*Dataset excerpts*

□ □ □ □ □ □ □

(* Let $G=G(n_1,n_2,p)$ where $1\ll n_1=\lambda n_2$ for a constant $0<\lambda\leq 1$, and $(n_1n_2)^{-\frac12}\ll p\ll (n_1n_2)^{-\frac12+o(1)}$. Then whp $f(G)=o(pn_1n_2)$.
   Context: $G(n_1,n_2,p)$ is the binomial random bipartite graph: each edge of $K_{n_1,n_2}$ is present independently with probability $p$. $f(G)$ denotes the number of faces of $G$ when embedded on an orientable surface of minimal genus. The notation $f\ll g$ means $f/g\to0$; "whp" means with probability tending to $1$ as $n_1\to\infty$. *)

theory Defs
  imports "HOL-Analysis.Analysis"
begin

text \<open>Bipartite graphs on parts {0..<n1} (left) and {0..<n2} (right):
  a graph is an edge set E \<subseteq> {..<n1} \<times> {..<n2}; the edge (i,j) joins left vertex i
  and right vertex j.\<close>

definition bip_edges :: "nat \<Rightarrow> nat \<Rightarrow> (nat \<times> nat) set" where
  "bip_edges n1 n2 = {..<n1} \<times> {..<n2}"

text \<open>Darts (directed edges): (e, True) points from the left end to the right end of e,
  (e, False) the other way.\<close>

definition darts :: "(nat \<times> nat) set \<Rightarrow> ((nat \<times> nat) \<times> bool) set" where
  "darts E = E \<times> UNIV"

text \<open>Tail vertex of a dart; vertices are Inl i (left) and Inr j (right).\<close>

fun dart_tail :: "(nat \<times> nat) \<times> bool \<Rightarrow> nat + nat" where
  "dart_tail ((i, j), True) = Inl i"
| "dart_tail ((i, j), False) = Inr j"

fun dart_rev :: "(nat \<times> nat) \<times> bool \<Rightarrow> (nat \<times> nat) \<times> bool" where
  "dart_rev (e, b) = (e, \<not> b)"

text \<open>Rotation system: a permutation of the darts which preserves the tail and acts as
  a single cycle on the darts at every vertex (a cyclic order around each vertex).\<close>

definition rotation_system :: "(nat \<times> nat) set \<Rightarrow> ((nat \<times> nat) \<times> bool \<Rightarrow> (nat \<times> nat) \<times> bool) \<Rightarrow> bool" where
  "rotation_system E \<sigma> \<longleftrightarrow>
     bij_betw \<sigma> (darts E) (darts E)
   \<and> (\<forall>d \<in> darts E. dart_tail (\<sigma> d) = dart_tail d)
   \<and> (\<forall>d \<in> darts E. \<forall>d' \<in> darts E. dart_tail d = dart_tail d' \<longrightarrow> (\<exists>k. (\<sigma> ^^ k) d = d'))"

definition faces :: "(nat \<times> nat) set \<Rightarrow> ((nat \<times> nat) \<times> bool \<Rightarrow> (nat \<times> nat) \<times> bool)
    \<Rightarrow> ((nat \<times> nat) \<times> bool) set set" where
  "faces E \<sigma> = (\<lambda>d. {((\<sigma> \<circ> dart_rev) ^^ k) d | k. True}) ` darts E"

text \<open>f(G): number of faces of a minimal-genus orientable
  embedding = maximum number of faces over all rotation systems (Euler's formula).\<close>

definition num_faces_min_genus :: "(nat \<times> nat) set \<Rightarrow> nat" where
  "num_faces_min_genus E = Max {card (faces E \<sigma>) | \<sigma>. rotation_system E \<sigma>}"

definition bip_prob :: "nat \<Rightarrow> nat \<Rightarrow> real \<Rightarrow> ((nat \<times> nat) set \<Rightarrow> bool) \<Rightarrow> real" where
  "bip_prob n1 n2 p P =
     (\<Sum>E \<in> {E. E \<subseteq> bip_edges n1 n2 \<and> P E}.
        p ^ card E * (1 - p) ^ (n1 * n2 - card E))"

end

(*
  Fix a rotation system and a cycle-length bound L, and sort its faces into three kinds.
  If a face walks along some dart d and straight back along its reverse, the head of d has
  degree one, so there are at most as many of these faces as there are degree-one endpoints
  of edges.  Faces with more than L darts number at most 2|E|/L, because the faces
  partition the 2|E| darts.  In every other face the vertex walk never turns back, so it
  closes a cycle of length between 3 and L of the graph, and the face contains the first
  dart of that cycle.  Hence f(G) is at most the number of degree-one endpoints, plus the
  number of such cycles, plus 2|E|/L.

  In G(n1, n2, p), the expectation of this bound divided by p n1 n2 is
  (1-p)^(n2-1) + (1-p)^(n1-1) + 2/L + sum_{m=3..L} ((n1+n2)p)^m / (p n1 n2).
  Since p n1 tends to infinity, the first two terms vanish.  The m-th summand is of order
  q^(m-1) / sqrt(n1 n2), where q = p sqrt(n1 n2) grows more slowly than any power of n1 n2,
  so these summands vanish as well.  Let L grow slowly enough and apply Markov's inequality
  at threshold p n1 n2 times the square root of the bound.
*)

theory Submission
  imports Defs "HOL-Combinatorics.Orbits" "HOL-Combinatorics.Cycles"
begin

section \<open>The random bipartite graph\<close>

definition bip_weight :: "nat \<Rightarrow> nat \<Rightarrow> real \<Rightarrow> (nat \<times> nat) set \<Rightarrow> real" where
  "bip_weight n1 n2 p E = p ^ card E * (1 - p) ^ (n1 * n2 - card E)"

definition bip_expect :: "nat \<Rightarrow> nat \<Rightarrow> real \<Rightarrow> ((nat \<times> nat) set \<Rightarrow> real) \<Rightarrow> real" where
  "bip_expect n1 n2 p X = (\<Sum>E\<in>Pow (bip_edges n1 n2). bip_weight n1 n2 p E * X E)"

lemma finite_bip_edges [simp]: "finite (bip_edges n1 n2)"
  by (simp add: bip_edges_def)

lemma card_bip_edges: "card (bip_edges n1 n2) = n1 * n2"
  by (simp add: bip_edges_def card_cartesian_product)

lemma bip_expect_pattern:
  assumes S: "S \<subseteq> bip_edges n1 n2" and T: "T \<subseteq> bip_edges n1 n2" and ST: "S \<inter> T = {}"
  shows "bip_expect n1 n2 p (\<lambda>E. if S \<subseteq> E \<and> E \<inter> T = {} then 1 else 0)
           = p ^ card S * (1 - p) ^ card T"
proof -
  let ?B = "bip_edges n1 n2"
  (* Expanding the product of f e + g e over all edges gives one summand per edge set. *)
  define f where "f e = (if e \<in> T then 0 else p)" for e
  define g where "g e = (if e \<in> S then 0 else 1 - p)" for e
  have summand: "(\<Prod>e\<in>E. f e) * (\<Prod>e\<in>?B - E. g e)
      = bip_weight n1 n2 p E * (if S \<subseteq> E \<and> E \<inter> T = {} then 1 else 0)" if "E \<subseteq> ?B" for E
  proof (cases "S \<subseteq> E \<and> E \<inter> T = {}")
    case True
    have "finite E" using finite_subset[OF that] by simp
    have "(\<Prod>e\<in>E. f e) = (\<Prod>e\<in>E. p)"
      using True by (intro prod.cong) (auto simp: f_def)
    moreover have "(\<Prod>e\<in>?B - E. g e) = (\<Prod>e\<in>?B - E. 1 - p)"
      using True by (intro prod.cong) (auto simp: g_def)
    moreover have "card (?B - E) = n1 * n2 - card E"
      using that \<open>finite E\<close> by (simp add: card_Diff_subset card_bip_edges)
    ultimately show ?thesis
      using True by (simp only: prod_constant bip_weight_def) simp
  next
    case False
    then consider e where "e \<in> S" "e \<notin> E" | e where "e \<in> E" "e \<in> T" by blast
    then have "(\<Prod>e\<in>E. f e) = 0 \<or> (\<Prod>e\<in>?B - E. g e) = 0"
    proof cases
      case 1
      then show ?thesis using S by (intro disjI2 prod_zero) (auto simp: g_def)
    next
      case 2
      then show ?thesis
        using finite_subset[OF that finite_bip_edges] by (intro disjI1 prod_zero) (auto simp: f_def)
    qed
    then show ?thesis using False by auto
  qed
  have "(\<Prod>e\<in>?B. f e + g e) = (\<Prod>e\<in>S \<union> T. f e + g e)"
    using S T by (intro prod.mono_neutral_right) (auto simp: f_def g_def)
  also have "\<dots> = (\<Prod>e\<in>S. f e + g e) * (\<Prod>e\<in>T. f e + g e)"
    using finite_subset[OF S] finite_subset[OF T] ST by (simp add: prod.union_disjoint)
  also have "(\<Prod>e\<in>S. f e + g e) = (\<Prod>e\<in>S. p)"
    using ST by (intro prod.cong) (auto simp: f_def g_def)
  also have "(\<Prod>e\<in>T. f e + g e) = (\<Prod>e\<in>T. 1 - p)"
    using ST by (intro prod.cong) (auto simp: f_def g_def)
  finally have "p ^ card S * (1 - p) ^ card T = (\<Sum>E\<in>Pow ?B. (\<Prod>e\<in>E. f e) * (\<Prod>e\<in>?B - E. g e))"
    by (simp add: prod_add)
  also have "\<dots> = bip_expect n1 n2 p (\<lambda>E. if S \<subseteq> E \<and> E \<inter> T = {} then 1 else 0)"
    unfolding bip_expect_def using summand by (intro sum.cong) auto
  finally show ?thesis ..
qed

lemma bip_expect_const: "bip_expect n1 n2 p (\<lambda>E. c) = c"
  using bip_expect_pattern[of "{}" n1 n2 "{}" p]
  by (simp add: bip_expect_def sum_distrib_right[symmetric])

lemma bip_expect_add:
  "bip_expect n1 n2 p (\<lambda>E. X E + Y E) = bip_expect n1 n2 p X + bip_expect n1 n2 p Y"
  by (simp add: bip_expect_def distrib_left sum.distrib)

lemma bip_expect_cmult: "bip_expect n1 n2 p (\<lambda>E. c * X E) = c * bip_expect n1 n2 p X"
  by (simp add: bip_expect_def sum_distrib_left mult_ac)

lemma bip_expect_cong:
  "(\<And>E. E \<subseteq> bip_edges n1 n2 \<Longrightarrow> X E = Y E) \<Longrightarrow> bip_expect n1 n2 p X = bip_expect n1 n2 p Y"
  unfolding bip_expect_def by (intro sum.cong) auto

lemma bip_expect_mono:
  assumes "0 \<le> p" "p \<le> 1" "\<And>E. E \<subseteq> bip_edges n1 n2 \<Longrightarrow> X E \<le> Y E"
  shows "bip_expect n1 n2 p X \<le> bip_expect n1 n2 p Y"
  unfolding bip_expect_def using assms
  by (intro sum_mono mult_left_mono) (auto simp: bip_weight_def)

lemma bip_expect_count_patterns:
  assumes "finite C"
    and "\<And>c. c \<in> C \<Longrightarrow> S c \<subseteq> bip_edges n1 n2 \<and> T c \<subseteq> bip_edges n1 n2 \<and> S c \<inter> T c = {}"
  shows "bip_expect n1 n2 p (\<lambda>E. real (card {c \<in> C. S c \<subseteq> E \<and> E \<inter> T c = {}}))
       = (\<Sum>c\<in>C. p ^ card (S c) * (1 - p) ^ card (T c))"
proof -
  have "bip_expect n1 n2 p (\<lambda>E. real (card {c \<in> C. S c \<subseteq> E \<and> E \<inter> T c = {}}))
      = bip_expect n1 n2 p (\<lambda>E. \<Sum>c\<in>C. if S c \<subseteq> E \<and> E \<inter> T c = {} then 1 else 0)"
    using assms(1) by (simp add: sum.If_cases Int_def)
  also have "\<dots> = (\<Sum>c\<in>C. bip_expect n1 n2 p (\<lambda>E. if S c \<subseteq> E \<and> E \<inter> T c = {} then 1 else 0))"
    unfolding bip_expect_def by (simp add: sum_distrib_left sum.swap[of _ C])
  also have "\<dots> = (\<Sum>c\<in>C. p ^ card (S c) * (1 - p) ^ card (T c))"
    using assms(2) by (intro sum.cong refl bip_expect_pattern) auto
  finally show ?thesis .
qed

□ □ □ □ □ □ □

*Exercise aim*
Check each line of the entries above for the word "order". List the ones that have it.

*Expected output*
  a single cycle on the darts at every vertex (a cyclic order around each vertex).\<close>
  Since p n1 tends to infinity, the first two terms vanish.  The m-th summand is of order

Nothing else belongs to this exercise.